A: Individualism is a necessary condition for capitalism, and a necessary condition for limited government. You will never get real capitalism without a proper moral defense of individualism. So this is all about individualism. And the challenge we face in the world around us is that the traditional morality we all grow up with—that we are all taught, that is preached by everyone in the culture, left, right, and center—is a morality that I believe is incompatible with individualism and incompatible with limited government and capitalism. It's a morality of "you are your brother's keeper." It's a morality of "your moral responsibility in life is to others." Therefore, in a deep sense, your life is not yours to live. We need to demolish that idea.
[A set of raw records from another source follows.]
lemma sum_region_in_sets:
  fixes P Q :: "real measure"
  assumes "sets P = sets borel" "sets Q = sets borel"
    and "B \<in> sets borel" "X \<in> sets borel" "Y \<in> sets borel"
  shows "{p. fst p + snd p \<in> B \<and> fst p \<in> X \<and> snd p \<in> Y} \<in> sets (P \<Otimes>\<^sub>M Q)"
proof -
  have "(\<lambda>(x, y). x + y) \<in> measurable (P \<Otimes>\<^sub>M Q) (borel :: real measure)"
    unfolding measurable_cong_sets[OF sets_pair_measure_cong[OF assms(1,2)] refl] by measurable
  from measurable_sets[OF this assms(3)]
  have "{p. fst p + snd p \<in> B} \<in> sets (P \<Otimes>\<^sub>M Q)"
    using assms(1,2) by (simp add: space_pair_measure sets_eq_imp_space_eq case_prod_beta vimage_def)
  moreover have "X \<times> Y \<in> sets (P \<Otimes>\<^sub>M Q)"
    using assms by (intro pair_measureI) auto
  moreover have "{p. fst p + snd p \<in> B \<and> fst p \<in> X \<and> snd p \<in> Y} = {p. fst p + snd p \<in> B} \<inter> X \<times> Y"
    by auto
  ultimately show ?thesis by auto
qed

lemma measure_convolution_eq_pair:
  fixes P Q :: "real measure"
  assumes "sets P = sets borel" "sets Q = sets borel" "B \<in> sets borel"
  shows "measure (P \<star> Q) B = measure (P \<Otimes>\<^sub>M Q) {p. fst p + snd p \<in> B}"
proof -
  have m: "(\<lambda>(x, y). x + y) \<in> measurable (P \<Otimes>\<^sub>M Q) (borel :: real measure)"
    unfolding measurable_cong_sets[OF sets_pair_measure_cong[OF assms(1,2)] refl] by measurable
  have "(\<lambda>(x, y). x + y) -` B \<inter> space (P \<Otimes>\<^sub>M Q) = {p. fst p + snd p \<in> B}"
    using assms(1,2) by (auto simp: space_pair_measure sets_eq_imp_space_eq)
  then show ?thesis
    unfolding convolution_def using measure_distr[OF m assms(3)] by simp
qed

lemma measure_sum_region_fst:
  fixes P Q :: "real measure"
  assumes "finite_measure P" "finite_measure Q" "sets P = sets borel" "sets Q = sets borel"
    and "B \<in> sets borel" "X \<in> sets borel"
  shows "integrable P (\<lambda>x. indicator X x * measure Q {y. x + y \<in> B})"
    and "measure (P \<Otimes>\<^sub>M Q) {p. fst p + snd p \<in> B \<and> fst p \<in> X}
           = (\<integral>x. indicator X x * measure Q {y. x + y \<in> B} \<partial>P)"
proof -
  have A: "{p. fst p + snd p \<in> B \<and> fst p \<in> X} \<in> sets (P \<Otimes>\<^sub>M Q)"
    using sum_region_in_sets[OF assms(3-6), of UNIV] by simp
  have "measure Q (Pair x -` {p. fst p + snd p \<in> B \<and> fst p \<in> X})
      = indicator X x * measure Q {y. x + y \<in> B}" for x
    by (simp add: indicator_def vimage_def)
  then show "integrable P (\<lambda>x. indicator X x * measure Q {y. x + y \<in> B})"
    and "measure (P \<Otimes>\<^sub>M Q) {p. fst p + snd p \<in> B \<and> fst p \<in> X}
           = (\<integral>x. indicator X x * measure Q {y. x + y \<in> B} \<partial>P)"
    using measure_pair_measure_eq_integral[OF assms(1,2) A] by simp_all
qed

lemma measure_sum_region_snd:
  fixes P Q :: "real measure"
  assumes "finite_measure P" "finite_measure Q" "sets P = sets borel" "sets Q = sets borel"
    and "B \<in> sets borel" "Y \<in> sets borel"
  shows "measure (P \<Otimes>\<^sub>M Q) {p. fst p + snd p \<in> B \<and> snd p \<in> Y}
           = (\<integral>y. indicator Y y * measure P {x. x + y \<in> B} \<partial>Q)"
proof -
  have A: "{p. fst p + snd p \<in> B \<and> snd p \<in> Y} \<in> sets (P \<Otimes>\<^sub>M Q)"
    using sum_region_in_sets[OF assms(3-5), of UNIV Y] assms(6) by simp
  have "measure P ((\<lambda>x. (x, y)) -` {p. fst p + snd p \<in> B \<and> snd p \<in> Y})
      = indicator Y y * measure P {x. x + y \<in> B}" for y
    by (simp add: indicator_def vimage_def)
  then show ?thesis
    using measure_pair_measure_eq_integral_swap(2)[OF assms(1,2) A] by simp
qed

lemma distr_nonneg_convolution:
  assumes P: "distr_nonneg P" and Q: "distr_nonneg Q"
  shows "distr_nonneg (P \<star> Q)"
proof -
  note p = distr_nonnegD[OF P] and q = distr_nonnegD[OF Q]
  interpret pp: pair_prob_space P Q
    using p(1) q(1) by (simp add: pair_prob_space_def pair_sigma_finite_def prob_space_imp_sigma_finite)
  have m: "(\<lambda>(x, y). x + y) \<in> measurable (P \<Otimes>\<^sub>M Q) (borel :: real measure)"
    unfolding measurable_cong_sets[OF sets_pair_measure_cong[OF p(3) q(3)] refl] by measurable
  have "AE x in P. indicator UNIV x * measure Q {y. x + y \<in> {..<0}} = 0"
    using p(5)
  proof eventually_elim
    case (elim x)
    have "measure Q {y. x + y \<in> {..<0}} \<le> measure Q {..<0}"
      using elim q(3) by (intro finite_measure.finite_measure_mono[OF q(2)]) auto
    then have "measure Q {y. x + y \<in> {..<0}} \<le> 0"
      using Q by (simp add: distr_nonneg_def)
    then show ?case
      by (simp add: order_antisym)
  qed
  then have "measure (P \<star> Q) {..<0} = 0"
    using measure_convolution_eq_pair[OF p(3) q(3)] measure_sum_region_fst(2)[OF p(2) q(2) p(3) q(3), of "{..<0}" UNIV]
    by (simp add: integral_eq_zero_AE)
  moreover have "prob_space (P \<star> Q)"
    unfolding convolution_def by (rule pp.prob_space_distr[OF m])
  ultimately show ?thesis by (simp add: distr_nonneg_def)
qed

lemma distr_nonneg_return_0: "distr_nonneg (return borel (0::real))"
  by (simp add: distr_nonneg_def prob_space_return measure_return)

lemma distr_nonneg_conv_pow: "distr_nonneg F \<Longrightarrow> distr_nonneg (conv_pow F n)"
  by (induction n) (auto intro: distr_nonneg_convolution distr_nonneg_return_0)

lemma measure_shift_region_fst:
  assumes P: "distr_nonneg P" and Q: "distr_nonneg Q" and T: "0 < T" and X: "X \<in> sets borel"
  shows "integrable P (\<lambda>x. indicator X x * mDelta Q T (t - x))"
    and "measure (P \<Otimes>\<^sub>M Q) {p. fst p + snd p \<in> shift_int t T \<and> fst p \<in> X}
           = (\<integral>x. indicator X x * mDelta Q T (t - x) \<partial>P)"
  using measure_sum_region_fst[OF distr_nonnegD(2)[OF P] distr_nonnegD(2)[OF Q]
      distr_nonnegD(3)[OF P] distr_nonnegD(3)[OF Q] shift_int_in_borel[OF T] X, of t]
  by (simp_all add: add_mem_shift_int_iff[OF T] mDelta_def)

lemma measure_shift_region_snd:
  assumes P: "distr_nonneg P" and Q: "distr_nonneg Q" and T: "0 < T" and Y: "Y \<in> sets borel"
  shows "measure (P \<Otimes>\<^sub>M Q) {p. fst p + snd p \<in> shift_int t T \<and> snd p \<in> Y}
           = (\<integral>y. indicator Y y * mDelta P T (t - y) \<partial>Q)"
  using measure_sum_region_snd[OF distr_nonnegD(2)[OF P] distr_nonnegD(2)[OF Q]
      distr_nonnegD(3)[OF P] distr_nonnegD(3)[OF Q] shift_int_in_borel[OF T] Y, of t]
  by (simp add: add_mem_shift_int_iff[OF T] add.commute mDelta_def)

lemma mDelta_convolution_eq_pair:
  assumes "distr_nonneg P" "distr_nonneg Q" "0 < T"
  shows "mDelta (P \<star> Q) T t = measure (P \<Otimes>\<^sub>M Q) {p. fst p + snd p \<in> shift_int t T}"
  unfolding mDelta_def
  by (rule measure_convolution_eq_pair) (use distr_nonnegD(3) assms in auto)

lemma mDelta_convolution:
  assumes "distr_nonneg P" "distr_nonneg Q" "0 < T"
  shows "integrable P (\<lambda>x. mDelta Q T (t - x))"
    and "mDelta (P \<star> Q) T t = (\<integral>x. mDelta Q T (t - x) \<partial>P)"
  using measure_shift_region_fst[OF assms, of UNIV t] mDelta_convolution_eq_pair[OF assms, of t]
  by simp_all

declare conv_pow.simps [simp del]

lemma mDelta_conv_pow_1:
  assumes F: "distr_nonneg F" and T: "0 < T"
  shows "mDelta (conv_pow F (Suc 0)) T t = mDelta F T t"
proof -
  have "mDelta (return borel 0) T (t - x) = indicator (shift_int t T) x" for x
    using add_mem_shift_int_iff[OF T, of x 0 t] T by (simp add: mDelta_def measure_return indicator_def)
  then have "mDelta (conv_pow F (Suc 0)) T t = (\<integral>x. indicator (shift_int t T) x \<partial>F)"
    using mDelta_convolution(2)[OF F distr_nonneg_return_0 T] by (simp add: conv_pow.simps)
  then show ?thesis
    using distr_nonnegD[OF F] by (simp add: mDelta_def)
qed

lemma mDelta_conv_pow_2:
  assumes F: "distr_nonneg F" and T: "0 < T"
  shows "mDelta (conv_pow F 2) T t = mDelta (F \<star> F) T t"
proof -
  have "mDelta (conv_pow F 2) T t = (\<integral>x. mDelta (conv_pow F (Suc 0)) T (t - x) \<partial>F)"
    unfolding numeral_2_eq_2 conv_pow.simps(2)[of F "Suc 0"]
    by (rule mDelta_convolution(2)[OF F distr_nonneg_conv_pow[OF F] T])
  then show ?thesis
    using mDelta_convolution(2)[OF F F T] by (simp add: mDelta_conv_pow_1[OF F T])
qed

lemma integral_indicator_mult_ge:
  fixes g :: "'a \<Rightarrow> real"
  assumes "finite_measure M" "X \<in> sets M" "integrable M (\<lambda>x. indicator X x * g x)"
    and "AE x in M. x \<in> X \<longrightarrow> c \<le> g x"
  shows "c * measure M X \<le> (\<integral>x. indicator X x * g x \<partial>M)"
proof -
  have "c * measure M X = (\<integral>x. indicator X x * c \<partial>M)"
    using assms(2) by (simp add: Int_absorb2 sets.sets_into_space)
  also have "\<dots> \<le> (\<integral>x. indicator X x * g x \<partial>M)"
  proof (rule integral_mono_AE)
    show "integrable M (\<lambda>x. indicator X x * c)"
      using assms(2) finite_measure.emeasure_finite[OF assms(1), of X]
      by (intro integrable_mult_left integrable_real_indicator) (simp_all add: less_top)
    show "AE x in M. indicator X x * c \<le> indicator X x * g x"
      using assms(4) by eventually_elim (simp add: indicator_def)
  qed (rule assms(3))
  finally show ?thesis .
qed

lemma integral_indicator_mult_le:
  fixes g :: "'a \<Rightarrow> real"
  assumes "finite_measure M" "X \<in> sets M" "integrable M (\<lambda>x. indicator X x * g x)"
    and "AE x in M. x \<in> X \<longrightarrow> g x \<le> c"
  shows "(\<integral>x. indicator X x * g x \<partial>M) \<le> c * measure M X"
  using integral_indicator_mult_ge[of M X "\<lambda>x. - g x" "- c"] assms by auto

lemma measure_sum_regions_le_mDelta_convolution:
  assumes P: "distr_nonneg P" and Q: "distr_nonneg Q" and T: "0 < T"
    and X: "X \<in> sets borel" and Y: "Y \<in> sets borel"
    and disjoint: "\<And>x y. x + y \<in> shift_int t T \<Longrightarrow> x \<in> X \<Longrightarrow> y \<in> Y \<Longrightarrow> False"
  shows "measure (P \<Otimes>\<^sub>M Q) {q. fst q + snd q \<in> shift_int t T \<and> fst q \<in> X}
           + measure (P \<Otimes>\<^sub>M Q) {q. fst q + snd q \<in> shift_int t T \<and> snd q \<in> Y}
         \<le> mDelta (P \<star> Q) T t"
proof -
  note p = distr_nonnegD[OF P] and q = distr_nonnegD[OF Q]
  interpret PQ: finite_measure "P \<Otimes>\<^sub>M Q" by (rule finite_measure_pair_measure[OF q(2) p(2)])
  define S where "S = {q. fst q + snd q \<in> shift_int t T}"
  define A1 where "A1 = {q. fst q + snd q \<in> shift_int t T \<and> fst q \<in> X}"
  define A2 where "A2 = {q. fst q + snd q \<in> shift_int t T \<and> snd q \<in> Y}"
  note region = sum_region_in_sets[OF p(3) q(3) shift_int_in_borel[OF T]]
  have sets: "S \<in> sets (P \<Otimes>\<^sub>M Q)" "A1 \<in> sets (P \<Otimes>\<^sub>M Q)" "A2 \<in> sets (P \<Otimes>\<^sub>M Q)"
    using region[where X=UNIV and Y=UNIV] region[OF X, where Y=UNIV] region[OF _ Y, where X=UNIV]
    by (simp_all add: S_def A1_def A2_def)
  have "A1 \<inter> A2 = {}"
    using disjoint by (auto simp: A1_def A2_def)
  then have "measure (P \<Otimes>\<^sub>M Q) A1 + measure (P \<Otimes>\<^sub>M Q) A2 \<le> measure (P \<Otimes>\<^sub>M Q) S"
    using sets PQ.finite_measure_Union[of A1 A2] PQ.finite_measure_mono[of "A1 \<union> A2" S]
    by (auto simp: S_def A1_def A2_def)
  then show ?thesis
    using mDelta_convolution_eq_pair[OF P Q T, of t] by (simp add: S_def A1_def A2_def)
qed

text \<open>The two regions where one of the summands is below M are disjoint once t \<ge> 2M.\<close>
lemma mDelta_convolution_ge:
  assumes P: "distr_nonneg P" and Q: "distr_nonneg Q" and T: "0 < T" and M: "2 * M \<le> t"
    and P_near: "\<And>z. 0 \<le> z \<Longrightarrow> z < M \<Longrightarrow> p \<le> mDelta P T (t - z)"
    and Q_near: "\<And>z. 0 \<le> z \<Longrightarrow> z < M \<Longrightarrow> q \<le> mDelta Q T (t - z)"
  shows "p * measure Q {..<M} + q * measure P {..<M} \<le> mDelta (P \<star> Q) T t"
proof -
  note p = distr_nonnegD[OF P] and q = distr_nonnegD[OF Q]
  have borel: "{..<M} \<in> sets borel" by simp
  have "p * measure Q {..<M}
      \<le> measure (P \<Otimes>\<^sub>M Q) {q. fst q + snd q \<in> shift_int t T \<and> snd q \<in> {..<M}}"
    unfolding measure_shift_region_snd[OF P Q T borel]
    using q(5) P_near q(3) measure_shift_region_fst(1)[OF Q P T borel]
    by (intro integral_indicator_mult_ge[OF q(2)]) (auto elim: AE_mp)
  moreover have "q * measure P {..<M}
      \<le> measure (P \<Otimes>\<^sub>M Q) {q. fst q + snd q \<in> shift_int t T \<and> fst q \<in> {..<M}}"
    unfolding measure_shift_region_fst(2)[OF P Q T borel]
    using p(5) Q_near p(3) measure_shift_region_fst(1)[OF P Q T borel]
    by (intro integral_indicator_mult_ge[OF p(2)]) (auto elim: AE_mp)
  moreover have "measure (P \<Otimes>\<^sub>M Q) {q. fst q + snd q \<in> shift_int t T \<and> fst q \<in> {..<M}}
      + measure (P \<Otimes>\<^sub>M Q) {q. fst q + snd q \<in> shift_int t T \<and> snd q \<in> {..<M}}
      \<le> mDelta (P \<star> Q) T t"
    using M by (intro measure_sum_regions_le_mDelta_convolution[OF P Q T borel borel])
      (auto dest!: less_of_mem_shift_int)
  ultimately show ?thesis by linarith
qed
We need to destroy that idea and replace it with Rand's view that your life is yours to live as you see fit, morally yours to live. And you have no moral obligations towards others, other than not to violate their rights, and to treat them with justice. 

Q: Some of libertarianism's most potent cultural critics will argue that we have more individualism in this country than ever before. Thanks to the Internet, and thanks to a lot of other things, we're all too individualistic, we're too atomized as a society, and what we need to do is find a way to come together. Is there any truth to that analysis? 

A: There's a certain element of truth there. It is true that because we're wealthier, we have more choices. Money does, in a sense, buy happiness, because it does buy choices. If you think for a second about a subsistence farmer, there's not a lot of happiness to pursue there. All you do is work, and you barely survive. So we do need wealth in order to pursue happiness, and we have created wealth because of freedom. Because of the way this country was created, we have created a store of wealth. And it's possible for us to have many more choices in our society than we had 250 years ago. At the same time, we've also constrained our freedoms dramatically. It's very difficult to start a business in the United States today, suddenly a lot more difficult than it was 100 years ago. That's a choice that is gone.